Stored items

lemma contract_contract:
  assumes "matroid M"
  shows "contract (contract M A) B = contract M (A \<union> B)"
proof (rule matroid_eqI)
  show "ground (contract (contract M A) B) = ground (contract M (A \<union> B))" by auto
  fix I
  show "indep (contract (contract M A) B) I \<longleftrightarrow> indep (contract M (A \<union> B)) I"
  proof (cases "I \<subseteq> ground M - A - B")
    case False
    then show ?thesis by (auto simp: indep_contract)
  next
    case True
    define A' where "A' = A \<inter> ground M"
    define B' where "B' = B \<inter> (ground M - A)"
    have rk_IB: "rk (contract M A) (I \<union> B') = rk M (I \<union> B' \<union> A') - rk M A'"
      using contract_rk[OF assms, of "I \<union> B'" A] True unfolding A'_def B'_def by auto
    have rk_B: "rk (contract M A) B' = rk M (B' \<union> A') - rk M A'"
      using contract_rk[OF assms, of B' A] unfolding A'_def B'_def by auto
    have mono_A: "rk M A' \<le> rk M (B' \<union> A')" by (rule rk_mono[OF assms]) blast
    have mono_I: "rk M (B' \<union> A') \<le> rk M (I \<union> B' \<union> A')" by (rule rk_mono[OF assms]) blast
    have lhs: "indep (contract (contract M A) B) I \<longleftrightarrow>
        rk (contract M A) (I \<union> B') = card I + rk (contract M A) B'"
      using True unfolding B'_def by (simp add: indep_contract)
    have "(A \<union> B) \<inter> ground M = B' \<union> A'" unfolding A'_def B'_def by auto
    then have rhs: "indep (contract M (A \<union> B)) I \<longleftrightarrow>
        rk M (I \<union> B' \<union> A') = card I + rk M (B' \<union> A')"
      using True by (auto simp: indep_contract Un_assoc)
    show ?thesis unfolding lhs rhs rk_IB rk_B using mono_A mono_I by arith
  qed
qed

lemma rk_delete_disjoint: "Y \<inter> D = {} \<Longrightarrow> rk (delete M D) Y = rk M Y"
  unfolding rk_def by (metis (no_types, lifting) disjoint_iff indep_delete subsetD)

lemma delete_contract_delete_elem:
  assumes "y \<in> D" "y \<notin> C"
  shows "delete (contract M C) D = delete (contract (delete M {y}) C) (D - {y})"
proof (rule matroid_eqI)
  show "ground (delete (contract M C) D) = ground (delete (contract (delete M {y}) C) (D - {y}))"
    using assms by auto
  fix I
  show "indep (delete (contract M C) D) I \<longleftrightarrow> indep (delete (contract (delete M {y}) C) (D - {y})) I"
  proof (cases "y \<in> I")
    case True
    then show ?thesis using assms by (auto simp: indep_contract)
  next
    case False
    have "C \<inter> ground (delete M {y}) = C \<inter> ground M" using assms by auto
    moreover have "rk (delete M {y}) (I \<union> C \<inter> ground M) = rk M (I \<union> C \<inter> ground M)"
      "rk (delete M {y}) (C \<inter> ground M) = rk M (C \<inter> ground M)"
      using False assms by (auto intro: rk_delete_disjoint)
    ultimately show ?thesis using False assms by (auto simp: indep_contract)
  qed
qed

text \<open>Proper subsets of a circuit are independent, so a basis of \<open>A\<close> can be chosen to
  contain \<open>C \<inter> A\<close>; if \<open>C - A\<close> were independent in \<open>M / A\<close>, adding it to that basis would
  give an independent set containing \<open>C\<close>.\<close>

lemma circuit_diff_dependent_in_contract:
  assumes "matroid M" "circuit M C" "\<not> C \<subseteq> A"
  shows "\<not> indep (contract M A) (C - A)"
proof
  assume indep_CA: "indep (contract M A) (C - A)"
  define A' where "A' = A \<inter> ground M"
  have C_ground: "C \<subseteq> ground M" using assms(2) unfolding circuit_def by simp
  have rank_eq: "rk M ((C - A) \<union> A') = card (C - A) + rk M A'"
    using indep_CA by (simp add: indep_contract A'_def)
  obtain e where e: "e \<in> C" "e \<notin> A" using assms(3) by blast
  have "indep M (C - {e})" using assms(2) e(1) unfolding circuit_def by blast
  moreover have "C \<inter> A' \<subseteq> C - {e}" using e(2) unfolding A'_def by blast
  ultimately have "indep M (C \<inter> A')" by (rule matroid_indep_subset[OF assms(1)])
  then obtain J where J: "C \<inter> A' \<subseteq> J" "J \<subseteq> A'" "indep M J" "card J = rk M A'"
    using indep_extend_to_rk[OF assms(1) _ Int_lower2] by blast
  obtain B where B: "B \<subseteq> (C - A) \<union> A'" "indep M B" "card B = rk M ((C - A) \<union> A')"
    and "B \<inter> A' = J"
    using rk_basis_extend[OF assms(1) J(3,2,4)] by blast
  then have B_sub: "B \<subseteq> (C - A) \<union> J" using B(2) by blast
  have fin: "finite ((C - A) \<union> J)"
    using matroid_finite_ground[OF assms(1)] C_ground matroid_indep_finite[OF assms(1) J(3)]
    by (meson finite_Diff finite_UnI finite_subset)
  have "(C - A) \<inter> J = {}" using J(2) unfolding A'_def by blast
  then have "card ((C - A) \<union> J) = card B"
    using fin rank_eq B(3) J(4) by (simp add: card_Un_disjoint)
  then have "B = (C - A) \<union> J" using card_seteq[OF fin B_sub] by simp
  then have "C \<subseteq> B" using J(1) C_ground unfolding A'_def by blast
  then have "indep M C" by (rule matroid_indep_subset[OF assms(1) B(2)])
  then show False using assms(2) unfolding circuit_def by blast
qed

lemma has_minor_of_is_minor: "is_minor M' K \<Longrightarrow> iso M' N \<Longrightarrow> has_minor K N"
  unfolding has_minor_def by blast

lemma is_minor_contract_elem:
  assumes "matroid M" "C \<subseteq> ground M - A" "D \<subseteq> ground M - A" "C \<inter> D = {}" "y \<in> C"
  shows "is_minor (delete (contract M (A \<union> C)) D) (contract (contract M A) {y})"
  unfolding is_minor_def
proof (intro exI conjI)
  have "A \<union> C = A \<union> {y} \<union> (C - {y})" using assms(5) by blast
  then show "delete (contract M (A \<union> C)) D = delete (contract (contract (contract M A) {y}) (C - {y})) D"
    by (simp add: contract_contract[OF assms(1)])
qed (use assms in auto)

lemma is_minor_delete_elem:
  assumes "matroid M" "C \<subseteq> ground M - A" "D \<subseteq> ground M - A" "C \<inter> D = {}" "y \<in> D"
  shows "is_minor (delete (contract M (A \<union> C)) D) (delete (contract M A) {y})"
  unfolding is_minor_def
proof (intro exI conjI)
  have "y \<notin> C" using assms(4,5) by blast
  then show "delete (contract M (A \<union> C)) D = delete (contract (delete (contract M A) {y}) C) (D - {y})"
    using delete_contract_delete_elem[OF assms(5), of C "contract M A"]
    by (simp add: contract_contract[OF assms(1)])
qed (use assms in auto)

lemma has_minor_contract_avoiding:
  assumes "matroid M" "has_minor (contract M A) N"
    and "\<And>y. y \<in> Y \<Longrightarrow> \<not> has_minor (contract (contract M A) {y}) N"
    and "\<And>y. y \<in> Y \<Longrightarrow> \<not> has_minor (delete (contract M A) {y}) N"
  obtains C D where "C \<subseteq> ground M - A" "D \<subseteq> ground M - A" "C \<inter> Y = {}" "D \<inter> Y = {}"
    "iso (delete (contract M (A \<union> C)) D) N"
proof -
  obtain C D where CD: "C \<subseteq> ground M - A" "D \<subseteq> ground M - A" "C \<inter> D = {}"
    and "iso (delete (contract (contract M A) C) D) N"
    using assms(2) unfolding has_minor_def is_minor_def by auto
  then have iso: "iso (delete (contract M (A \<union> C)) D) N"
    by (simp add: contract_contract[OF assms(1)])
  have "C \<inter> Y = {}"
    using is_minor_contract_elem[OF assms(1) CD] has_minor_of_is_minor[OF _ iso] assms(3) by blast
  moreover have "D \<inter> Y = {}"
    using is_minor_delete_elem[OF assms(1) CD] has_minor_of_is_minor[OF _ iso] assms(4) by blast
  ultimately show ?thesis using that CD(1,2) iso by blast
qed

lemma dependent_pair_two_separation:
  assumes "matroid N" "u \<in> ground N" "v \<in> ground N" "u \<noteq> v" "\<not> indep N {u, v}"
    and "4 \<le> card (ground N)"
  shows "j_separation N 2 {u, v}"
proof -
  obtain I where I: "I \<subseteq> {u, v}" "indep N I" "card I = rk N {u, v}"
    using matroid_rk_attained[OF assms(1)] .
  have "I \<noteq> {u, v}" using I(2) assms(5) by blast
  then have "card I < card {u, v}" using I(1) by (intro psubset_card_mono) auto
  then have "rk N {u, v} \<le> 1" using I(3) assms(4) by simp
  moreover have "rk N (ground N - {u, v}) \<le> rk N (ground N)" by (intro rk_mono[OF assms(1)]) blast
  moreover have "card (ground N - {u, v}) = card (ground N) - 2"
    using assms(2-4) matroid_finite_ground[OF assms(1)] by (simp add: card_Diff_subset)
  ultimately show ?thesis unfolding j_separation_def using assms by auto
qed

lemma iso_three_connected_indep_pair:
  assumes "iso M' N" "matroid N" "three_connected N" "4 \<le> card (ground N)"
    and "u \<in> ground M'" "v \<in> ground M'" "u \<noteq> v"
  shows "indep M' {u, v}"
proof -
  obtain f where f: "bij_betw f (ground M') (ground N)"
    and indep_iff: "\<forall>X \<subseteq> ground M'. indep M' X \<longleftrightarrow> indep N (f ` X)"
    using assms(1) unfolding iso_def by blast
  have "f u \<in> ground N" "f v \<in> ground N" "f u \<noteq> f v"
    using f assms(5-7) unfolding bij_betw_def inj_on_def by auto
  moreover have "\<not> j_separation N 2 {f u, f v}"
    using assms(3) unfolding three_connected_def by simp
  ultimately have "indep N {f u, f v}"
    using dependent_pair_two_separation[OF assms(2) _ _ _ _ assms(4)] by blast
  then show ?thesis using indep_iff assms(5,6) by simp
qed

theorem lemma3p1:
  fixes M :: "'a matroid" and N :: "'b matroid"
  assumes "matroid M" and "three_connected M"
    and "matroid N" and "three_connected N"
    and "has_minor M N" and "card (ground N) \<ge> 4"
    and "N_grounded M N T" and "x \<in> T"
  shows "\<not> has_minor (contract M {x}) N"
proof
  assume minor: "has_minor (contract M {x}) N"
  have T: "circuit M T" "card T = 3" "T \<subseteq> ground M"
    using assms(7) unfolding N_grounded_def triangle_def circuit_def by auto
  then have "card (T - {x}) = 2" using assms(8) by (simp add: card_ge_0_finite)
  then obtain a b where ab: "T - {x} = {a, b}" "a \<noteq> b" unfolding card_2_iff by blast
  have grounded: "\<not> has_minor (contract (contract M {x}) {y}) N"
      "\<not> has_minor (delete (contract M {x}) {y}) N" if "y \<in> T - {x}" for y
    using assms(7,8) that unfolding N_grounded_def by auto
  obtain C D where CD: "C \<subseteq> ground M - {x}" "D \<subseteq> ground M - {x}"
      "C \<inter> (T - {x}) = {}" "D \<inter> (T - {x}) = {}"
    and iso: "iso (delete (contract M ({x} \<union> C)) D) N"
    using has_minor_contract_avoiding[OF assms(1) minor grounded] by blast
  have "T - ({x} \<union> C) = {a, b}" using ab CD(3) by blast
  then have dependent: "\<not> indep (contract M ({x} \<union> C)) {a, b}"
    using circuit_diff_dependent_in_contract[OF assms(1) T(1), of "{x} \<union> C"] ab by auto
  have "a \<in> ground (delete (contract M ({x} \<union> C)) D)"
      "b \<in> ground (delete (contract M ({x} \<union> C)) D)"
    using ab CD(3,4) T(3) by auto
  then have "indep (delete (contract M ({x} \<union> C)) D) {a, b}"
    by (rule iso_three_connected_indep_pair[OF iso assms(3,4,6) _ _ ab(2)])
  with dependent show False by simp
qed

end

* [Task instructions]:
Working through the records, find each line containing the word "cases" and copy it.

* [Answer to the exercise]:
  proof (cases "I \<subseteq> ground M - A - B")
  proof (cases "y \<in> I")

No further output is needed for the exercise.